lemma syz_eq_tspan_syz_gen:
  fixes gs :: "(complex \<Rightarrow> complex) list" and s :: "nat \<Rightarrow> nat"
  defines "m \<equiv> length gs" and "a \<equiv> \<lambda>n k. Ap_seq p (gs ! k) n"
  assumes gs: "set gs \<subseteq> Ap p"
    and s_less: "\<And>n. s n < m" and s_max: "\<And>n k. k < m \<Longrightarrow> norm (a n k) \<le> norm (a n (s n))"
  shows "syz p gs = tspan p m (seq_matrix p m (\<lambda>j k n. syz_gen (a n) (s n) j k))"
proof -
  let ?W = "\<lambda>j k n. syz_gen (a n) (s n) j k"
  have W_bounded: "Bseq (?W j k)" if "j < m" for j k
  proof (rule BseqI')
    show "norm (?W j k n) \<le> 2" for n
      by (rule norm_syz_gen_le) (rule s_max[OF that])
  qed
  have W_annihilates: "(\<Sum>k<m. ?W j k n * a n k) = 0" if "j < m" for j n
    using s_max[OF that, of n] by (intro syz_gen_annihilates that s_less) auto
  note tspan_iff = tspan_seq_matrix_iff[OF W_bounded]
  note syz_iff = syz_iff_pointwise[OF gs, folded m_def]
  show ?thesis
  proof (intro set_eqI iffI)
    fix v assume "v \<in> syz p gs"
    then have v: "length v = m" "set v \<subseteq> Ap p" "\<And>n. (\<Sum>k<m. Ap_seq p (v ! k) n * a n k) = 0"
      by (simp_all add: syz_iff a_def)
    have v_mem: "v ! i \<in> Ap p" if "i < m" for i
      using v(1,2) that by (metis nth_mem subsetD)
    have "v ! i = Ap_of_seq p (\<lambda>n. \<Sum>j<m. Ap_seq p (v ! j) n * ?W j i n)" if "i < m" for i
      using syz_gen_combination[OF that v(3)] by (simp add: Ap_of_seq_Ap_seq v_mem that)
    then have "\<exists>r. (\<forall>j<m. Bseq (r j)) \<and> (\<forall>i<m. v ! i = Ap_of_seq p (\<lambda>n. \<Sum>j<m. r j n * ?W j i n))"
      using v_mem by (intro exI[of _ "\<lambda>j. Ap_seq p (v ! j)"]) (simp add: Bseq_Ap_seq)
    then show "v \<in> tspan p m (seq_matrix p m ?W)"
      using v(1) by (simp add: tspan_iff)
  next
    fix v assume "v \<in> tspan p m (seq_matrix p m ?W)"
    then have "length v = m \<and> (\<exists>r. (\<forall>j<m. Bseq (r j)) \<and>
        (\<forall>i<m. v ! i = Ap_of_seq p (\<lambda>n. \<Sum>j<m. r j n * ?W j i n)))"
      by (simp add: tspan_iff)
    then obtain r where v: "length v = m" "\<And>j. j < m \<Longrightarrow> Bseq (r j)"
      and v_eq: "\<And>i. i < m \<Longrightarrow> v ! i = Ap_of_seq p (\<lambda>n. \<Sum>j<m. r j n * ?W j i n)"
      by blast
    define t where "t i = (\<lambda>n. \<Sum>j<m. r j n * ?W j i n)" for i
    have t_bounded: "Bseq (t i)" for i
      unfolding t_def using v(2) W_bounded by (intro Bseq_sum Bseq_mult) auto
    have v_t: "v ! i = Ap_of_seq p (t i)" if "i < m" for i
      using v_eq[OF that] by (simp add: t_def)
    have "set v \<subseteq> Ap p"
      using v(1) v_t Ap_of_seq_in_Ap[OF t_bounded] by (auto simp: in_set_conv_nth)
    moreover have "(\<Sum>k<m. Ap_seq p (v ! k) n * a n k) = 0" for n
    proof -
      have "(\<Sum>k<m. Ap_seq p (v ! k) n * a n k) = (\<Sum>k<m. \<Sum>j<m. r j n * (?W j k n * a n k))"
        by (simp add: v_t Ap_seq_Ap_of_seq t_bounded) (simp add: t_def sum_distrib_right mult.assoc)
      also have "\<dots> = (\<Sum>j<m. r j n * (\<Sum>k<m. ?W j k n * a n k))"
        by (subst sum.swap) (simp add: sum_distrib_left)
      also have "\<dots> = 0"
        by (simp add: W_annihilates)
      finally show ?thesis .
    qed
    ultimately show "v \<in> syz p gs"
      using v(1) by (simp add: syz_iff a_def)
  qed
qed

lemma syz_finitely_generated:
  assumes "set gs \<subseteq> Ap p"
  shows "\<exists>ks. syz p gs = tspan p (length gs) ks"
proof (cases "gs = []")
  case True
  then show ?thesis
    by (intro exI[of _ "[]"]) (auto simp: syz_def tspan_def lincomb_def)
next
  case False
  then have "\<forall>n. \<exists>i<length gs. \<forall>k<length gs. norm (Ap_seq p (gs ! k) n) \<le> norm (Ap_seq p (gs ! i) n)"
    by (intro allI ex_max_norm_index) simp
  then obtain s where "\<And>n. s n < length gs"
    "\<And>n k. k < length gs \<Longrightarrow> norm (Ap_seq p (gs ! k) n) \<le> norm (Ap_seq p (gs ! s n) n)"
    by metis
  then show ?thesis
    using syz_eq_tspan_syz_gen[OF assms] by blast
qed

end

theorem mainTheorem15:
  fixes p :: "nat \<Rightarrow> real"
  assumes "\<And>n. p n > 0"
    and "filterlim (\<lambda>n. root n (p n)) at_top sequentially"
  shows "\<forall>I. fg_ideal p I \<longrightarrow> fin_presented p I"
proof (intro allI impI)
  fix I assume "fg_ideal p I"
  then obtain gs where "set gs \<subseteq> Ap p" "I = Ap_span p gs"
    unfolding fg_ideal_def by blast
  then show "fin_presented p I"
    unfolding fin_presented_def using syz_finitely_generated[OF assms] by blast
qed

end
================
### What is expected
After identifying the lines above that contain "note", copy each one.

### Task result
  note tspan_iff = tspan_seq_matrix_iff[OF W_bounded]
  note syz_iff = syz_iff_pointwise[OF gs, folded m_def]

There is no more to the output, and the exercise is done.